* [Records]:
(* Let $\gamma\ge2$. For every $G\in\mathcal S(\mathbb R)$, $$\lim_{n\to\infty}\frac{[\Theta(n)]^2}{n^2}\Big\{\sum_{x,y\in\mathbb Z}[G(\tfrac yn)-G(\tfrac xn)]^4p^2(y-x)+\sum_{x\in\mathbb Z}\Big[\sum_{y\in\mathbb Z}p(y-x)[G(\tfrac yn)-G(\tfrac xn)]^2\Big]^2\Big\}=0.$$
   Context: Let $p(0)=0$, $p(x)=c_\gamma|x|^{-\gamma-1}$ for $x\ne0$, with $c_\gamma$ the constant making $\sum_xp(x)=1$. $\Theta(n)=n^2$ if $\gamma>2$ and $\Theta(n)=n^2/\log n$ if $\gamma=2$. $\mathcal S(\mathbb R)$ is the Schwartz space. *)

theory Defs
  imports "HOL-Analysis.Analysis"
begin

text \<open>Normalising constant c_gamma: makes sum over x in Z of p(x) equal to 1.\<close>
definition c_gamma :: "real \<Rightarrow> real" where
  "c_gamma \<gamma> = 1 / (\<Sum>\<^sub>\<infinity>x\<in>(UNIV - {0::int}). \<bar>real_of_int x\<bar> powr (-\<gamma> - 1))"

definition jump_p :: "real \<Rightarrow> int \<Rightarrow> real" where
  "jump_p \<gamma> x = (if x = 0 then 0 else c_gamma \<gamma> * \<bar>real_of_int x\<bar> powr (-\<gamma> - 1))"

definition Theta :: "real \<Rightarrow> nat \<Rightarrow> real" where
  "Theta \<gamma> n = (if \<gamma> > 2 then (real n)\<^sup>2 else (real n)\<^sup>2 / ln (real n))"

definition schwartz :: "(real \<Rightarrow> real) \<Rightarrow> bool" where
  "schwartz G \<longleftrightarrow>
     (\<forall>j x. ((deriv ^^ j) G) differentiable (at x)) \<and>
     (\<forall>j k. bounded (range (\<lambda>x. x ^ k * (deriv ^^ j) G x)))"

end

theory Submission
  imports Defs "HOL-Real_Asymp.Real_Asymp"
begin

text \<open>
  Put g(x,y) = p(y - x) (G(y/n) - G(x/n))^2 and \<phi>(t) = 1/(1 + t^2). For \<gamma> \<ge> 2 we have
  p(z) = O(|z|^-3), and G and G' are O(\<phi>), so the mean value theorem gives
  g(x,y) = O(min(1, (z/n)^2) |z|^-3 (\<phi>(x/n) + \<phi>(y/n))) with z = y - x.
  Since \<Sum>_z min(1, (z/n)^2) |z|^-3 = O(log n / n^2) and \<Sum>_x \<phi>(x/n) = O(n), the total
  mass of g is O(log n / n), each row of g has mass O(log n / n^2) and each entry is O(1/n^2).
  The first sum is at most (largest entry) \<times> (total mass) and the second at most
  (largest row mass) \<times> (total mass); both are O((log n)^2 / n^3), while
  \<Theta>(n)^2 / n^2 \<le> n^2.
\<close>

section \<open>Decay of Schwartz functions\<close>

definition lorentzian :: "real \<Rightarrow> real" where
  "lorentzian t = 1 / (1 + t\<^sup>2)"

lemma lorentzian_pos: "lorentzian t > 0"
  unfolding lorentzian_def by (simp add: add_pos_nonneg)

lemma lorentzian_le_1: "lorentzian t \<le> 1"
  unfolding lorentzian_def by (simp add: divide_le_eq add_pos_nonneg)

lemma lorentzian_le_shift:
  assumes "\<bar>\<xi> - u\<bar> \<le> 1"
  shows "lorentzian \<xi> \<le> 3 * lorentzian u"
proof -
  have "(u - \<xi>)\<^sup>2 \<le> 1"
    using assms abs_le_square_iff[of "\<xi> - u" 1] by (simp add: power2_commute)
  moreover have "u\<^sup>2 \<le> 2 * \<xi>\<^sup>2 + 2 * (u - \<xi>)\<^sup>2"
    using sum_squares_ge_zero[of "\<xi> - (u - \<xi>)" 0] by (simp add: power2_eq_square algebra_simps)
  ultimately have "1 + u\<^sup>2 \<le> 3 * (1 + \<xi>\<^sup>2)"
    using zero_le_power2[of \<xi>] by (smt (verit))
  then show ?thesis
    unfolding lorentzian_def by (simp add: field_simps add_pos_nonneg)
qed

lemma abs_le_lorentzian:
  fixes F :: "real \<Rightarrow> real"
  assumes "bounded (range F)" "bounded (range (\<lambda>t. t\<^sup>2 * F t))"
  shows "\<exists>K. \<forall>t. \<bar>F t\<bar> \<le> K * lorentzian t"
proof -
  obtain a where a: "\<And>t. \<bar>F t\<bar> \<le> a"
    using assms(1) unfolding bounded_iff by auto
  obtain b where b: "\<And>t. \<bar>t\<^sup>2 * F t\<bar> \<le> b"
    using assms(2) unfolding bounded_iff by auto
  have "\<bar>F t\<bar> \<le> (a + b) * lorentzian t" for t
  proof -
    have "(1 + t\<^sup>2) * \<bar>F t\<bar> = \<bar>F t\<bar> + \<bar>t\<^sup>2 * F t\<bar>"
      by (simp add: algebra_simps abs_mult)
    also have "\<dots> \<le> a + b"
      using a[of t] b[of t] by simp
    finally show ?thesis
      unfolding lorentzian_def by (simp add: field_simps add_pos_nonneg)
  qed
  then show ?thesis by blast
qed

lemma schwartz_has_real_derivative:
  assumes "schwartz G"
  shows "(G has_real_derivative deriv G x) (at x)"
  using assms unfolding schwartz_def DERIV_deriv_iff_real_differentiable by (metis funpow_0)

lemma schwartz_le_lorentzian:
  assumes "schwartz G"
  shows "\<exists>K. \<forall>t. \<bar>G t\<bar> \<le> K * lorentzian t \<and> \<bar>deriv G t\<bar> \<le> K * lorentzian t"
proof -
  have "bounded (range (\<lambda>t. t ^ k * (deriv ^^ j) G t))" for j k
    using assms unfolding schwartz_def by blast
  from this[of 0 0] this[of 2 0] this[of 0 1] this[of 2 1]
  obtain K0 K1 where "\<And>t. \<bar>G t\<bar> \<le> K0 * lorentzian t" "\<And>t. \<bar>deriv G t\<bar> \<le> K1 * lorentzian t"
    using abs_le_lorentzian[of G] abs_le_lorentzian[of "deriv G"] by auto
  then have "\<bar>G t\<bar> \<le> max K0 K1 * lorentzian t \<and> \<bar>deriv G t\<bar> \<le> max K0 K1 * lorentzian t" for t
    using lorentzian_pos[of t] by (meson max.cobounded1 max.cobounded2 mult_right_mono order.trans less_imp_le)
  then show ?thesis by blast
qed

lemma increment_abs_le_lorentzian:
  fixes G G' :: "real \<Rightarrow> real"
  assumes deriv: "\<And>x. (G has_real_derivative G' x) (at x)"
    and G': "\<And>t. \<bar>G' t\<bar> \<le> K * lorentzian t" and "K \<ge> 0" and "\<bar>h\<bar> \<le> 1"
  shows "\<bar>G (u + h) - G u\<bar> \<le> 3 * K * lorentzian u * \<bar>h\<bar>"
proof -
  have "norm (G (u + h) - G u) \<le> 3 * K * lorentzian u * norm ((u + h) - u)"
  proof (rule field_differentiable_bound[where S = "cball u 1" and f' = G'])
    fix z assume "z \<in> cball u 1"
    then have "lorentzian z \<le> 3 * lorentzian u"
      by (intro lorentzian_le_shift) (simp add: dist_real_def abs_minus_commute)
    then have "K * lorentzian z \<le> K * (3 * lorentzian u)"
      using \<open>K \<ge> 0\<close> by (rule mult_left_mono)
    then show "norm (G' z) \<le> 3 * K * lorentzian u"
      using G'[of z] by simp
  qed (use \<open>\<bar>h\<bar> \<le> 1\<close> deriv in \<open>auto intro: has_field_derivative_at_within simp: dist_real_def\<close>)
  then show ?thesis
    by simp
qed

lemma increment_sq_le_lorentzian:
  fixes G G' :: "real \<Rightarrow> real"
  assumes deriv: "\<And>x. (G has_real_derivative G' x) (at x)"
    and G: "\<And>t. \<bar>G t\<bar> \<le> K * lorentzian t" and G': "\<And>t. \<bar>G' t\<bar> \<le> K * lorentzian t"
  shows "(G (u + h) - G u)\<^sup>2 \<le> 9 * K\<^sup>2 * min 1 (h\<^sup>2) * (lorentzian u + lorentzian (u + h))"
proof -
  have "0 \<le> K * lorentzian 0"
    using G[of 0] by (rule order_trans[OF abs_ge_zero])
  then have K: "K \<ge> 0"
    using lorentzian_pos[of 0] by (simp add: zero_le_mult_iff)
  have sq_le: "(K * lorentzian t)\<^sup>2 \<le> K\<^sup>2 * lorentzian t" for t
  proof -
    have "(K * lorentzian t)\<^sup>2 = K\<^sup>2 * (lorentzian t * lorentzian t)"
      by (simp add: power2_eq_square)
    also have "\<dots> \<le> K\<^sup>2 * lorentzian t"
      using lorentzian_pos[of t] lorentzian_le_1[of t]
      by (intro mult_left_mono mult_left_le_one_le) auto
    finally show ?thesis .
  qed
  show ?thesis
  proof (cases "\<bar>h\<bar> \<le> 1")
    case True
    have "\<bar>G (u + h) - G u\<bar>\<^sup>2 \<le> (3 * K * lorentzian u * \<bar>h\<bar>)\<^sup>2"
      using increment_abs_le_lorentzian[OF deriv G' K True] by (intro power_mono) auto
    then have "(G (u + h) - G u)\<^sup>2 \<le> 9 * h\<^sup>2 * (K * lorentzian u)\<^sup>2"
      by (simp add: power_mult_distrib mult_ac)
    also have "\<dots> \<le> 9 * h\<^sup>2 * (K\<^sup>2 * (lorentzian u + lorentzian (u + h)))"
      using sq_le[of u] lorentzian_pos[of "u + h"]
      by (intro mult_left_mono) (auto simp: distrib_left intro: order_trans)
    finally show ?thesis
      using True abs_le_square_iff[of h 1] by (simp add: min_def mult_ac)
  next
    case False
    have G_sq: "(G t)\<^sup>2 \<le> K\<^sup>2 * lorentzian t" for t
      using power_mono[OF G[of t] abs_ge_zero, of 2] sq_le[of t] by simp
    have "(G (u + h) - G u)\<^sup>2 \<le> 2 * (G (u + h))\<^sup>2 + 2 * (G u)\<^sup>2"
      using sum_squares_ge_zero[of "G (u + h) + G u" 0] by (simp add: power2_eq_square algebra_simps)
    also have "\<dots> \<le> 2 * (K\<^sup>2 * lorentzian (u + h)) + 2 * (K\<^sup>2 * lorentzian u)"
      using G_sq[of u] G_sq[of "u + h"] by simp
    also have "\<dots> \<le> 9 * K\<^sup>2 * (lorentzian u + lorentzian (u + h))"
      using lorentzian_pos[of u] lorentzian_pos[of "u + h"] by (simp add: algebra_simps)
    finally show ?thesis
      using False abs_le_square_iff[of h 1] by (simp add: min_def)
  qed
qed

lemma schwartz_increment_sq_le:
  assumes "schwartz G"
  shows "\<exists>L\<ge>0. \<forall>u h. (G (u + h) - G u)\<^sup>2 \<le> L * min 1 (h\<^sup>2) * (lorentzian u + lorentzian (u + h))"
proof -
  obtain K where "\<And>t. \<bar>G t\<bar> \<le> K * lorentzian t" "\<And>t. \<bar>deriv G t\<bar> \<le> K * lorentzian t"
    using schwartz_le_lorentzian[OF assms] by blast
  then show ?thesis
    using increment_sq_le_lorentzian[OF schwartz_has_real_derivative[OF assms]]
    by (intro exI[of _ "9 * K\<^sup>2"]) auto
qed

section \<open>Lattice sums\<close>

lemma sum_inverse_squares_tail_le:
  assumes "n \<ge> 1"
  shows "(\<Sum>k=Suc n..m. 1 / (real k)\<^sup>2) \<le> 1 / real n"
proof -
  have telescope: "(\<Sum>k=Suc n..m. 1 / (real k)\<^sup>2) \<le> 1 / real n - 1 / real m" if "m \<ge> n" for m
    using that
  proof (induction m rule: dec_induct)
    case base
    then show ?case by simp
  next
    case (step m)
    have m: "real m \<ge> 1"
      using step.hyps assms by simp
    have "1 / (real (Suc m))\<^sup>2 \<le> 1 / (real m * real (Suc m))"
      using m by (intro divide_left_mono) (auto simp: power2_eq_square)
    also have "\<dots> = 1 / real m - 1 / real (Suc m)"
      using m by (simp add: field_simps)
    finally show ?case
      using step.IH step.hyps by simp
  qed
  show ?thesis
  proof (cases "m \<ge> n")
    case True
    then show ?thesis
      using telescope[OF True] by (smt (verit) divide_nonneg_nonneg of_nat_0_le_iff)
  qed simp
qed

lemma sum_le_head_plus_inverse_square_tail:
  fixes f h :: "nat \<Rightarrow> real"
  assumes "n \<ge> 1" "b \<ge> 0" and nonneg: "\<And>k. f k \<ge> 0"
    and head: "\<And>k. 1 \<le> k \<Longrightarrow> k \<le> n \<Longrightarrow> f k \<le> h k"
    and tail: "\<And>k. n < k \<Longrightarrow> f k \<le> b / (real k)\<^sup>2"
  shows "(\<Sum>k=1..m. f k) \<le> (\<Sum>k=1..n. h k) + b / real n"
proof -
  have "(\<Sum>k=1..m. f k) \<le> (\<Sum>k\<in>{1..n} \<union> {Suc n..m}. f k)"
    by (rule sum_mono2) (use nonneg in auto)
  also have "\<dots> = (\<Sum>k=1..n. f k) + (\<Sum>k=Suc n..m. f k)"
    by (rule sum.union_disjoint) auto
  also have "(\<Sum>k=1..n. f k) \<le> (\<Sum>k=1..n. h k)"
    by (rule sum_mono) (use head in auto)
  also have "(\<Sum>k=Suc n..m. f k) \<le> (\<Sum>k=Suc n..m. b * (1 / (real k)\<^sup>2))"
    by (rule sum_mono) (use tail in auto)
  also have "\<dots> \<le> b * (1 / real n)"
    unfolding sum_distrib_left[symmetric]
    using sum_inverse_squares_tail_le[OF assms(1)] assms(2) by (rule mult_left_mono)
  finally show ?thesis by simp
qed

lemma sum_int_le_of_even:
  fixes f :: "int \<Rightarrow> real"
  assumes "finite Z" and even: "\<And>k. f (-k) = f k" and nonneg: "\<And>k. f k \<ge> 0"
    and bound: "\<And>m. (\<Sum>k=1..m. f (int k)) \<le> B"
  shows "(\<Sum>z\<in>Z. f z) \<le> f 0 + 2 * B"
proof -
  have symmetric: "(\<Sum>z\<in>{-int m..int m}. f z) = f 0 + 2 * (\<Sum>k=1..m. f (int k))" for m
  proof (induction m)
    case (Suc m)
    have "{-int (Suc m)..int (Suc m)} = insert (-int (Suc m)) (insert (int (Suc m)) {-int m..int m})"
      by auto
    then show ?case
      using Suc even[of "int (Suc m)"] by simp
  qed simp
  define m where "m = nat (\<Sum>z\<in>Z. \<bar>z\<bar>)"
  have "Z \<subseteq> {-int m..int m}"
  proof
    fix z assume "z \<in> Z"
    then have "\<bar>z\<bar> \<le> (\<Sum>z\<in>Z. \<bar>z\<bar>)"
      using assms(1) by (intro member_le_sum) auto
    then show "z \<in> {-int m..int m}"
      unfolding m_def by auto
  qed
  then have "(\<Sum>z\<in>Z. f z) \<le> (\<Sum>z\<in>{-int m..int m}. f z)"
    by (intro sum_mono2) (use nonneg in auto)
  also have "\<dots> \<le> f 0 + 2 * B"
    unfolding symmetric using bound[of m] by simp
  finally show ?thesis .
qed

* [Brief]:
Retype only the stretch of lines above starting at the one with "using m by (intro" and stopping at the one with "by (rule sum_mono) (use head in auto)", exactly as written, with both kept.

* [Your solution]:
      using m by (intro divide_left_mono) (auto simp: power2_eq_square)
    also have "\<dots> = 1 / real m - 1 / real (Suc m)"
      using m by (simp add: field_simps)
    finally show ?case
      using step.IH step.hyps by simp
  qed
  show ?thesis
  proof (cases "m \<ge> n")
    case True
    then show ?thesis
      using telescope[OF True] by (smt (verit) divide_nonneg_nonneg of_nat_0_le_iff)
  qed simp
qed

lemma sum_le_head_plus_inverse_square_tail:
  fixes f h :: "nat \<Rightarrow> real"
  assumes "n \<ge> 1" "b \<ge> 0" and nonneg: "\<And>k. f k \<ge> 0"
    and head: "\<And>k. 1 \<le> k \<Longrightarrow> k \<le> n \<Longrightarrow> f k \<le> h k"
    and tail: "\<And>k. n < k \<Longrightarrow> f k \<le> b / (real k)\<^sup>2"
  shows "(\<Sum>k=1..m. f k) \<le> (\<Sum>k=1..n. h k) + b / real n"
proof -
  have "(\<Sum>k=1..m. f k) \<le> (\<Sum>k\<in>{1..n} \<union> {Suc n..m}. f k)"
    by (rule sum_mono2) (use nonneg in auto)
  also have "\<dots> = (\<Sum>k=1..n. f k) + (\<Sum>k=Suc n..m. f k)"
    by (rule sum.union_disjoint) auto
  also have "(\<Sum>k=1..n. f k) \<le> (\<Sum>k=1..n. h k)"
    by (rule sum_mono) (use head in auto)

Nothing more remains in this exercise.